Kendini çimenlerin üzerine attı. Geriye doğru uzandı, Ay'ı izlemeye başladı. Kendinden utanıyordu. Bir lider olarak bu savaşı yönetmesi gerekiyordu. Bir savaşçı olarak kaçmaması gerekiyordu. Ama ne düşüneceğini bilmiyordu. Buradaki hiçbir şeyi anlamıyordu. Neden halkı hedefti?
Yanında bir ses işitti. Aaron yanına uzanmıştı. Sessizce gökyüzünü izlemeye başladı. Sessizlik uzun sürmedi.
"İçeride bir kaos var. Munro yönetmeye çalışıyor ama başarılı olduğunu söyleyemeyeceğim." Burnundan güler gibi bir ses çıkardı.
"Ne yapacağımı bilmiyorum. Şimdi de eli kanlı bir örgüt tarafından takip ediliyoruz."
"Takip ettiklerini nereden biliyoruz. Su ruhu ne zamandır bizimleydi. Gelselerdi şimdiye kadar gelmezler miydi?"
Amergin umutsuzca iç çekti.
"Bilmiyorum. Bu örgüt hakkında hiçbir şey bilmiyorum. Eğer onları biraz tanısaydım daha doğru bir strateji belirleyebilirdim."

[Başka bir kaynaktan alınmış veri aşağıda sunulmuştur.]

text \<open>If \<open>r\<^sub>0(x) + y r\<^sub>1(x)\<close> vanishes on the conic \<open>qchart = 0\<close>, then \<open>y = -r\<^sub>0/r\<^sub>1\<close> would be a
  root of the quadratic and its discriminant a square; so \<open>r\<^sub>0 = r\<^sub>1 = 0\<close>.\<close>

lemma linear_remainder_zero:
  assumes M: "\<And>x. poly ([:C, 0, B:] * r0 * r0 - [:0, a:] * r0 * r1 + [:B, 0, C:] * r1 * r1) x = 0"
  shows "r0 = 0 \<and> r1 = 0"
proof (cases "r1 = 0")
  case True
  have "poly ([:C, 0, B:] * (r0 * r0)) x = 0" for x using M[of x] True by (simp add: algebra_simps)
  then have "[:C, 0, B:] * (r0 * r0) = 0" using poly_eq_poly_eq_iff[of "[:C, 0, B:] * (r0 * r0)" 0] by auto
  moreover have "[:C, 0, B:] \<noteq> 0" using C_nz by simp
  ultimately have "r0 * r0 = 0" using no_zero_divisors by blast
  then show ?thesis using True by simp
next
  case False
  define P where "P = smult 2 ([:C, 0, B:] * r0) - [:0, a:] * r1"
  have "P * P = qchart_disc a B C * (r1 * r1)"
  proof (rule iffD1[OF poly_eq_poly_eq_iff], rule ext)
    fix x
    have m: "(C + B * x\<^sup>2) * poly r0 x * poly r0 x - a * x * poly r0 x * poly r1 x
        + (B + C * x\<^sup>2) * poly r1 x * poly r1 x = 0"
      using M[of x] by (simp add: power2_eq_square algebra_simps)
    have "poly (P * P) x - poly (qchart_disc a B C * (r1 * r1)) x =
       4 * (C + B * x\<^sup>2) * ((C + B * x\<^sup>2) * poly r0 x * poly r0 x - a * x * poly r0 x * poly r1 x
         + (B + C * x\<^sup>2) * poly r1 x * poly r1 x)"
      by (simp add: P_def poly_qchart_disc power2_eq_square algebra_simps)
    then show "poly (P * P) x = poly (qchart_disc a B C * (r1 * r1)) x" using m by simp
  qed
  then show ?thesis using disc_not_square False by blast
qed

lemma finite_qchart_fiber: "finite {y. qchart a B C x y = 0}"
proof -
  have "[:B + C * x\<^sup>2, a * x, C + B * x\<^sup>2:] \<noteq> 0"
  proof
    assume "[:B + C * x\<^sup>2, a * x, C + B * x\<^sup>2:] = 0"
    then have e: "B + C * x\<^sup>2 = 0" "a * x = 0" "C + B * x\<^sup>2 = 0" by auto
    then have "x \<noteq> 0" using C_nz by auto
    then have a0: "a = 0" using e(2) by simp
    have c: "C = - (B * x\<^sup>2)" using e(3) by (simp add: eq_neg_iff_add_eq_0)
    have "B = - (C * x\<^sup>2)" using e(1) by (simp add: eq_neg_iff_add_eq_0)
    also have "\<dots> = B * (x\<^sup>2)\<^sup>2" using c by (simp add: power2_eq_square)
    finally have "B = B * (x\<^sup>2)\<^sup>2" .
    then have x4: "(x\<^sup>2)\<^sup>2 = 1" using B_nz by simp
    have "C\<^sup>2 = B\<^sup>2 * (x\<^sup>2)\<^sup>2" using c by (simp add: power_mult_distrib)
    then have "(C - B) * (C + B) = 0" using x4 by (simp add: power2_eq_square algebra_simps)
    then have "C = B \<or> C = - B" by (auto simp: add_eq_0_iff)
    then show False using plus minus a0 by auto
  qed
  then show ?thesis unfolding qchart_as_poly by (rule poly_roots_finite)
qed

"Su ruhunu ve patuyu biraz sorguya çekmeyi denesek belki bir şeyler hatırlarlar."
"Şu an korkmuş durumdalar. Korku, insanı yanıltır. Olmayan şeyleri olmuş gibi gösterir. Bu yüzden şu onlardan bir bilgi alabileceğimizi sanmıyorum."
Aaron umutsuzlukla iç çekti. Evet, artık bir çıkmazdayız. Ama Amergin burada oturup ne olduğu belirsiz düşmanları tarafından gafil avlanmayı bekleyemezdi. Hızla ayağa kalktı.
"Sanırım karasızlık buraya kadarmış. Sorumlu olduğum insanlar, yaratıklar var. Komutayı ele almanın zamanı geldi."
Gülümseyerek Aaron'a baktı. Ayağa kalkması için elini uzattı.
"Olduğun kişiye çabuk döndün." Aaron Amergin'in elini tutarak ayağa kalktı. Elleri bir süre daha birleşik kaldı.
"Parçalanacak zaman yok. Ne kadar zamanımız olduğunu bilmiyoruz ve bana güvenen az da olsa insan var." İkisi de gülümsedi. Elini ilk çeken Amergin oldu.
"Girelim mi?"
Aaron eliyle kapıyı gösterdi. Amergin önde Aaron arkada içeri girdiler.
***
Amergin içeri girdiğinde gördüğü gerçek kaostu. Yaratıklar bağırarak konuşuyor, Munro onları sakinleştirmeye çalışıyordu. Herkesin orada olduğunu gördü. Bu iyiydi. Başlamak için herkese ihtiyacı vardı.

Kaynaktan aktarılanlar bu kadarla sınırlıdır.